California Current Ecosystem LTER

The CCE is an LTER-Long-Term Ecological Research site in the coastal upwelling biome of the California Current Ecosystem. Observations from the CalCOFI (California Cooperative Oceanic Fisheries Investigations) coastal ocean time series, currently in its 55th year, demonstrate the importance of external forcing of the pelagic ecosystem on multiple time scales, including: El Nino, the multi-decadal Pacific Decadal Oscillation, and a multi-decadal secular warming trend. Interactions of such forcing and biotic interactions can lead to nonlinear ecosystem responses that may be expressed as relatively abrupt transitions. The work will evaluate four hypothesized mechanisms for such ecosystem transitions:

• Sustained, anomalous alongshore advection of different assemblages;
• In situ food web changes in response to altered stratification and nutrient supply;
• Changes in cross-shore transport and loss/retention of organisms; and
• Altered predation pressure. The California Current Ecosystem (CCE) LTER site will address its research hypotheses with an integrated research program having three primary elements:
  1. Experimental Process Studies will initially focus on the hypothesis of in situ food web changes.
  2. Time Series Studies will evaluate alternative hypotheses using space-resolving time series measurements, including high frequency temporal measurements at different nearshore locations, satellite remote sensing, and an extensive quarterly measurement program at sea that will capitalize on and significantly enhance the CalCOFI time series.
  3. Modeling and synthesis studies will help quantify the dynamics underlying the observations; provide a platform for hypothesis testing through numerical experiments and process models; provide a means for dynamic interpolation between observations in space and time; and help optimize the field program.

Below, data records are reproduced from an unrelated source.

lemma Ad_m_ge: "1 \<le> Ad_m f A r n" "n \<le> real (Ad_m f A r n)"
  using Ad_stop_Ad_m[of f A r n] Ad_stop_exists unfolding Ad_stop_def by auto

lemma Ad_m_le_ceiling:
  assumes "n \<le> real_of_int \<lceil>4 * nb\<rceil>"
  shows "real (Ad_m f A r n) \<le> real_of_int \<lceil>4 * nb\<rceil>"
proof -
  have "Ad_stop f A r n (nat \<lceil>4 * nb\<rceil>)"
    using assms nb_ge by (intro Ad_stop_if_large) auto
  then have "Ad_m f A r n \<le> nat \<lceil>4 * nb\<rceil>" by (rule Ad_m_le)
  then show ?thesis using nb_ge by linarith
qed

lemma f_Ad_z_le_first_step: "f (Ad_z f A r n) \<le> f (A r 1)"
proof -
  have "f (Ad_seq f A r (Ad_m f A r n)) \<le> f (Ad_seq f A r 1)"
    by (rule f_Ad_seq_antimono[OF Ad_m_ge(1)])
  also have "\<dots> \<le> f (A r 1)" by (rule f_Ad_seq_le_iterate) simp
  finally show ?thesis unfolding Ad_z_def .
qed

lemma f_Ad_z_rate:
  "f (Ad_z f A r n) - ereal fstar \<le> ereal ((nb / (real (Ad_m f A r n) + 1))\<^sup>2) * (f r - ereal fstar)"
proof -
  obtain u where "f (Ad_z f A r n) = ereal u"
    unfolding Ad_z_def by (rule f_Ad_seq_real)
  with f_Ad_seq_rate[OF Ad_m_ge(1)[of n]] show ?thesis
    unfolding Ad_z_def f_r by (simp add: algebra_simps)
qed

end

lemma Ad_rate_of_quadratic_growth:
  fixes f :: "'a \<Rightarrow> ereal" and d \<mu> a :: real
  assumes lower_bound: "\<And>x. ereal fstar \<le> f x" and finite: "f r < \<infinity>"
    and growth: "ereal (\<mu> / 2 * d\<^sup>2) \<le> f r - ereal fstar"
    and rate: "\<And>k. 1 \<le> k \<Longrightarrow> f (A r k) - ereal fstar \<le> ereal (a / (real k + 1)\<^sup>2 * d\<^sup>2)"
    and \<mu>_pos: "0 < \<mu>" and a_pos: "0 < a"
  shows "Ad_rate f A r fstar (real_of_ereal (f r) - fstar) (max (1/2) (sqrt (2 * a / \<mu>)))"
proof -
  define D where "D = real_of_ereal (f r) - fstar"
  define nb where "nb = max (1/2) (sqrt (2 * a / \<mu>))"
  have f_r: "f r = ereal (fstar + D)"
    unfolding D_def using lower_bound[of r] finite by (cases "f r") auto
  have D_nonneg: "0 \<le> D" using lower_bound[of r] f_r by simp
  have nb_sq: "2 * a / \<mu> \<le> nb\<^sup>2"
  proof -
    have "sqrt (2 * a / \<mu>) \<le> nb" unfolding nb_def by simp
    then have "(sqrt (2 * a / \<mu>))\<^sup>2 \<le> nb\<^sup>2" by (intro power_mono) (use a_pos \<mu>_pos in auto)
    then show ?thesis using a_pos \<mu>_pos by simp
  qed
  have "a * d\<^sup>2 = (2 * a / \<mu>) * (\<mu> / 2 * d\<^sup>2)" using \<mu>_pos by simp
  also have "\<dots> \<le> (2 * a / \<mu>) * D" using growth f_r a_pos \<mu>_pos by (intro mult_left_mono) auto
  also have "\<dots> \<le> nb\<^sup>2 * D" using nb_sq D_nonneg by (rule mult_right_mono)
  finally have "a * d\<^sup>2 \<le> nb\<^sup>2 * D" .
  then have decay: "a / (real k + 1)\<^sup>2 * d\<^sup>2 \<le> (nb / (real k + 1))\<^sup>2 * D" for k
    by (simp add: power_divide divide_right_mono)
  have "f (A r k) \<le> ereal (fstar + (nb / (real k + 1))\<^sup>2 * D)" if "1 \<le> k" for k
    using rate[OF that] decay[of k] lower_bound[of "A r k"] by (cases "f (A r k)") auto
  then show ?thesis
    unfolding D_def[symmetric] nb_def[symmetric] using lower_bound f_r
    by (intro Ad_rate.intro) (auto simp: nb_def)
qed
lemma nbr_on_line_towards_lies_on_line_towards:
  assumes x: "x \<in> V" and yz: "E y z" and dz: "d x z = Suc (d x y)"
    and L: "L \<in> \<C>" "y \<in> L" "z \<in> L"
    and D: "D \<in> lines_towards x y" and p: "p \<in> D \<inter> nbhd z - {y}"
  obtains M where "M \<in> lines_towards x z - {L}" "p \<in> M \<inter> nbhd y - {z}"
proof -
  have DC: "D \<in> \<C>" "y \<in> D" using D unfolding lines_towards_def lines_at_def by auto
  obtain w where w: "w \<in> D" "d x w + 1 = d x y"
    using D unfolding lines_towards_def by blast
  have zp: "E z p" and "p \<in> D" "p \<noteq> y" using p by (auto simp: mem_nbhd_iff)
  have "p \<noteq> w" using dist_edge_le[OF x edge_sym[OF zp]] w dz by auto
  then have "d x p \<le> d x w + 1" using dist_edge_le[OF x] line_edge[OF DC(1) w(1) \<open>p \<in> D\<close>] by blast
  then have dp: "d x p + 1 = d x z" using dist_edge_le[OF x edge_sym[OF zp]] w dz by simp
  obtain M where M: "M \<in> \<C>" "z \<in> M" "p \<in> M" using line_through_edge[OF zp] .
  have "M \<noteq> L"
  proof
    assume "M = L"
    then have "D = L" using line_eqI[OF DC(1) L(1) \<open>p \<in> D\<close> DC(2)] M(3) L(2) \<open>p \<noteq> y\<close> by blast
    then show False using lines_towards_avoid_farther[OF x D dz] L(3) by simp
  qed
  then have "M \<in> lines_towards x z - {L}"
    using M dp unfolding lines_towards_def lines_at_def by auto
  moreover have "p \<in> M \<inter> nbhd y - {z}"
    using M line_edge[OF DC(1,2) \<open>p \<in> D\<close>] \<open>p \<noteq> y\<close> zp edge_irrefl by (auto simp: mem_nbhd_iff)
  ultimately show thesis by (rule that)
qed

lemma card_UN_nbrs_on_lines_towards:
  assumes psi_const: "\<And>C v. C \<in> \<C> \<Longrightarrow> v \<in> V - C \<Longrightarrow> psi C v \<noteq> 0 \<Longrightarrow> psi C v = \<psi>"
    and x: "x \<in> V" and yz: "E y z" and dz: "d x z = Suc (d x y)"
  shows "card (\<Union>D\<in>lines_towards x y. D \<inter> nbhd z - {y}) = card (lines_towards x y) * (\<psi> - 1)"
proof -
  have zV: "z \<in> V" using yz edge_in_V by auto
  have D: "D \<in> \<C>" "z \<in> V - D" "y \<in> D" if "D \<in> lines_towards x y" for D
    using that lines_towards_avoid_farther[OF x _ dz] zV
    unfolding lines_towards_def lines_at_def by auto
  have "card (\<Union>D\<in>lines_towards x y. D \<inter> nbhd z - {y})
      = (\<Sum>D\<in>lines_towards x y. card (D \<inter> nbhd z - {y}))"
  proof (rule card_UN_disjoint)
    show "\<forall>D\<in>lines_towards x y. \<forall>D'\<in>lines_towards x y. D \<noteq> D' \<longrightarrow>
        (D \<inter> nbhd z - {y}) \<inter> (D' \<inter> nbhd z - {y}) = {}"
    proof (intro ballI impI)
      fix D D' assume "D \<in> lines_towards x y" "D' \<in> lines_towards x y" "D \<noteq> D'"
      then show "(D \<inter> nbhd z - {y}) \<inter> (D' \<inter> nbhd z - {y}) = {}"
        using line_eqI[of D D' y] D by blast
    qed
  qed (simp_all add: finite_lines_towards finite_nbhd)
  also have "\<dots> = card (lines_towards x y) * (\<psi> - 1)"
    using card_line_inter_nbhd_minus[OF psi_const _ zV _ _ edge_sym[OF yz]] D by simp
  finally show ?thesis .
qed
lemma Re_radial_deriv_ge:
  assumes D: "(g has_field_derivative D) (at z0)"
    and below: "\<And>t::real. 0 < t \<Longrightarrow> t < 1 \<Longrightarrow> Re (g (of_real t * z0) * c) \<le> t * Re (g z0 * c)"
  shows "Re (g z0 * c) \<le> Re (z0 * D * c)"
proof -
  define h where "h t = Re (g (of_real t * z0) * c)" for t
  have "((\<lambda>s. s * z0) has_field_derivative z0) (at 1)"
    by (rule derivative_eq_intros refl | simp)+
  moreover have "(g has_field_derivative D) (at (1 * z0))" using D by simp
  ultimately have "((\<lambda>s. g (s * z0)) has_field_derivative D * z0) (at 1)"
    by (rule DERIV_chain')
  from DERIV_cmult_right[OF this, of c]
  have "((\<lambda>s. g (s * z0) * c) has_field_derivative z0 * D * c) (at (of_real 1))"
    by (simp add: ac_simps)
  then have "(h has_real_derivative Re (z0 * D * c)) (at 1)"
    unfolding h_def using has_field_derivative_Re[OF has_vector_derivative_real_field] by fastforce
  then have "((\<lambda>t. (h t - h 1) / (t - 1)) \<longlongrightarrow> Re (z0 * D * c)) (at_left 1)"
    using has_field_derivative_at_within[of h _ 1 "{..<1}"] by (simp add: has_field_derivative_iff)
  moreover have "\<forall>\<^sub>F t in at_left 1. h 1 \<le> (h t - h 1) / (t - 1)"
    using eventually_at_left_real[OF zero_less_one]
  proof (rule eventually_mono)
    fix t :: real assume "t \<in> {0<..<1}"
    then show "h 1 \<le> (h t - h 1) / (t - 1)"
      using below[of t] by (simp add: h_def le_divide_eq algebra_simps)
  qed
  ultimately have "h 1 \<le> Re (z0 * D * c)" by (rule tendsto_lowerbound) simp
  then show ?thesis by (simp add: h_def)
qed

lemma Schwarz_Lemma_ball:
  assumes holw: "w holomorphic_on ball 0 \<rho>" and w0: "w 0 = 0"
    and bounded: "\<And>z. norm z < \<rho> \<Longrightarrow> norm (w z) < 1" and z: "norm z < \<rho>"
  shows "norm (w z) \<le> norm z / \<rho>"
proof -
  have "0 < \<rho>" using z by (meson le_less_trans norm_ge_zero)
  define u where "u \<zeta> = w (of_real \<rho> * \<zeta>)" for \<zeta>
  have "(\<lambda>\<zeta>::complex. of_real \<rho> * \<zeta>) ` ball 0 1 \<subseteq> ball 0 \<rho>"
  proof (rule image_subsetI)
    fix \<zeta> :: complex assume "\<zeta> \<in> ball 0 1"
    then show "of_real \<rho> * \<zeta> \<in> ball 0 \<rho>" using \<open>0 < \<rho>\<close> by (simp add: norm_mult)
  qed
  then have holu: "u holomorphic_on ball 0 1"
    unfolding u_def using holomorphic_on_compose_gen[OF _ holw, of "\<lambda>\<zeta>. of_real \<rho> * \<zeta>" "ball 0 1"]
    by (simp add: o_def holomorphic_intros)
  have "norm (u \<zeta>) < 1" if "norm \<zeta> < 1" for \<zeta>
    using bounded that \<open>0 < \<rho>\<close> by (simp add: u_def norm_mult)
  from Schwarz_Lemma(1)[OF holu _ this, of "z / of_real \<rho>"]
  show ?thesis using w0 z \<open>0 < \<rho>\<close> by (simp add: u_def norm_divide)
qed
lemma hurwitz_if_lyapunov:
  fixes P M :: "real^'n^'n"
  assumes P: "pos_def P" and L: "neg_def (transpose M ** P + P ** M)"
  shows "hurwitz M"
  unfolding hurwitz_def
proof (intro allI impI)
  fix z :: complex
  assume "det (mat z - map_matrix complex_of_real M) = 0"
  then obtain a b where ab: "a \<noteq> 0 \<or> b \<noteq> 0"
    and Ma: "M *v a = Re z *\<^sub>R a - Im z *\<^sub>R b" and Mb: "M *v b = Im z *\<^sub>R a + Re z *\<^sub>R b"
    by (rule complex_eigenvector_real_parts)
  have sym: "transpose P = P" using P by (simp add: pos_def_def sym_mat_def)
  have cross: "(P *v b) \<bullet> a = (P *v a) \<bullet> b"
    by (metis sym inner_matrix_vector_transpose inner_commute)
  let ?L = "transpose M ** P + P ** M"
  have "a \<bullet> (?L *v a) + b \<bullet> (?L *v b) = 2 * Re z * (a \<bullet> (P *v a) + b \<bullet> (P *v b))"
    unfolding lyapunov_quadratic_form[OF sym] Ma Mb
    using cross by (simp add: inner_diff_right inner_add_right inner_commute algebra_simps)
  moreover have "a \<bullet> (?L *v a) + b \<bullet> (?L *v b) < 0"
    using pos_def_quadratic_sum_pos[OF L[unfolded neg_def_iff_pos_def_uminus] ab]
    unfolding matrix_vector_mult_uminus_left inner_minus_right by linarith
  moreover have "0 < a \<bullet> (P *v a) + b \<bullet> (P *v b)"
    using pos_def_quadratic_sum_pos[OF P ab] .
  ultimately show "Re z < 0"
    by (smt (verit) mult_nonneg_nonneg)
qed

lemma lyapunov_feedback_matrix_inv:
  fixes A P S :: "real^'n^'n"
  assumes "invertible P" "transpose P = P"
  shows "transpose (A + matrix_inv P ** S) ** P + P ** (A + matrix_inv P ** S)
    = transpose A ** P + P ** A + transpose S + S"
proof -
  have "transpose (matrix_inv P ** S) ** P = transpose S"
    by (metis assms matrix_inv_left matrix_mul_assoc matrix_mul_rid matrix_transpose_mul
        transpose_matrix_inv_sym)
  moreover have "P ** (matrix_inv P ** S) = S"
    by (metis assms(1) matrix_inv_right matrix_mul_assoc matrix_mul_lid)
  ultimately show ?thesis
    by (simp add: transpose_add matrix_add_rdistrib matrix_add_ldistrib algebra_simps)
qed

lemma sum_UNIV_Plus:
  "sum f (UNIV :: ('a::finite + 'b::finite) set) = sum (f \<circ> Inl) UNIV + sum (f \<circ> Inr) UNIV"
  by (metis UNIV_Plus_UNIV finite_class.finite_UNIV sum.Plus)

lemma inner_stack3: "stack3 a b e \<bullet> stack3 a' b' e' = a \<bullet> a' + b \<bullet> b' + e \<bullet> e'"
  by (simp add: inner_vec_def stack3_def sum_UNIV_Plus o_def)

lemma symblock3_mult_stack3:
  "symblock3 M11 M12 M13 M22 M23 M33 *v stack3 a b e =
   stack3 (M11 *v a + M12 *v b + M13 *v e) (transpose M12 *v a + M22 *v b + M23 *v e)
          (transpose M13 *v a + transpose M23 *v b + M33 *v e)"
  by (auto simp: vec_eq_iff stack3_def symblock3_def matrix_vector_mult_def sum_UNIV_Plus
      transpose_def split: sum.split)

lemma hblock3_mult_stack3: "hblock3 X Y Z *v stack3 a b c = X *v a + Y *v b + Z *v c"
  by (simp add: vec_eq_iff hblock3_def stack3_def matrix_vector_mult_def sum_UNIV_Plus)

lemma symblock3_quadratic_form:
  fixes M11 :: "real^'a^'a"
  shows "stack3 a b e \<bullet> (symblock3 M11 M12 M13 M22 M23 M33 *v stack3 a b e) =
    a \<bullet> (M11 *v a) + 2 * (a \<bullet> (M12 *v b)) + 2 * (a \<bullet> (M13 *v e)) + b \<bullet> (M22 *v b)
    + 2 * (b \<bullet> (M23 *v e)) + e \<bullet> (M33 *v e)"
  unfolding symblock3_mult_stack3 inner_stack3
  by (simp add: inner_add_right inner_commute[of _ "_ v* _"] dot_lmul_matrix)
lemma card_max_sibling_free_leaf_sets:
  assumes "r \<ge> 1"
  shows "card {S. sibling_free_leaf_set r S \<and> card S = 2 ^ (r - 1)} = 2 ^ 2 ^ (r - 1)"
proof -
  let ?W = "{w :: bool list. length w = r - 1}"
  have inj: "inj_on (leaf_choice r) (?W \<rightarrow>\<^sub>E UNIV)"
  proof (rule inj_onI)
    fix f g assume f: "f \<in> ?W \<rightarrow>\<^sub>E UNIV" and g: "g \<in> ?W \<rightarrow>\<^sub>E UNIV"
      and eq: "leaf_choice r f = leaf_choice r g"
    show "f = g"
    proof
      fix w show "f w = g w"
      proof (cases "w \<in> ?W")
        case True
        then have "(False, w @ [f w]) \<in> leaf_choice r f"
          unfolding leaf_choice_def by (rule rev_image_eqI) simp_all
        then have "(False, w @ [f w]) \<in> leaf_choice r g" using eq by simp
        then show ?thesis unfolding leaf_choice_def by auto
      next
        case False
        show ?thesis using PiE_arb[OF f False] PiE_arb[OF g False] by (simp only:)
      qed
    qed
  qed
  have "{S. sibling_free_leaf_set r S \<and> card S = 2 ^ (r - 1)} = leaf_choice r ` (?W \<rightarrow>\<^sub>E UNIV)"
  proof (intro equalityI subsetI)
    fix S assume "S \<in> {S. sibling_free_leaf_set r S \<and> card S = 2 ^ (r - 1)}"
    then have "S = leaf_choice r (\<lambda>w. (False, w @ [True]) \<in> S)"
      using sibling_free_max_eq_leaf_choice[OF _ assms] by blast
    also have "\<dots> = leaf_choice r (restrict (\<lambda>w. (False, w @ [True]) \<in> S) ?W)"
      unfolding leaf_choice_def by (rule image_cong) simp_all
    finally show "S \<in> leaf_choice r ` (?W \<rightarrow>\<^sub>E UNIV)"
      by (rule image_eqI[where f = "leaf_choice r"]) simp
  qed (use assms sibling_free_leaf_choice card_leaf_choice in auto)
  then have "card {S. sibling_free_leaf_set r S \<and> card S = 2 ^ (r - 1)}
      = card (?W \<rightarrow>\<^sub>E (UNIV :: bool set))"
    using card_image[OF inj] by (simp only:)
  also have "\<dots> = 2 ^ 2 ^ (r - 1)"
    by (simp add: card_PiE finite_bool_lists_length card_bool_lists_length)
  finally show ?thesis .
qed

lemma Max_card_sibling_free_leaf_sets:
  assumes "r \<ge> 1"
  shows "Max {card S | S. sibling_free_leaf_set r S} = 2 ^ (r - 1)"
proof (rule Max_eqI)
  show "finite {card S | S. sibling_free_leaf_set r S}"
    using sibling_free_card_le[OF _ assms] by (auto intro: finite_subset[of _ "{..2 ^ (r - 1)}"])
  show "2 ^ (r - 1) \<in> {card S | S. sibling_free_leaf_set r S}"
    unfolding mem_Collect_eq using sibling_free_leaf_choice[OF assms] card_leaf_choice
    by (intro exI[of _ "leaf_choice r (\<lambda>_. False)"]) simp
qed (use sibling_free_card_le[OF _ assms] in blast)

The proposed study region is an ideal location for an LTER site: it has 5 decades of climate context provided by CalCOFI; it is in a biogeographic boundary region, making it an early sentinel of climate change; it has pronounced spatial gradients in a relatively small geographic area; its anoxic basins provide a unique connection to paleoceanographic studies; and the extant 4-D physical ocean circulation model of the region will permit rapid advances in the development of coupled bio-physical models of ecosystem transitions. The site will allow the LTER network to compare coastal pelagic upwelling ecosystems with other biomes with respect to: Pattern and control of primary production, Spatial and temporal distribution of populations selected to represent trophic structures, Patterns of inorganic inputs and movements of nutrients, and Patterns and frequency of disturbances. Noteworthy is the integration of Information and Data Management as well as of Education and Outreach components within the project so that synergies develop during design and implementation.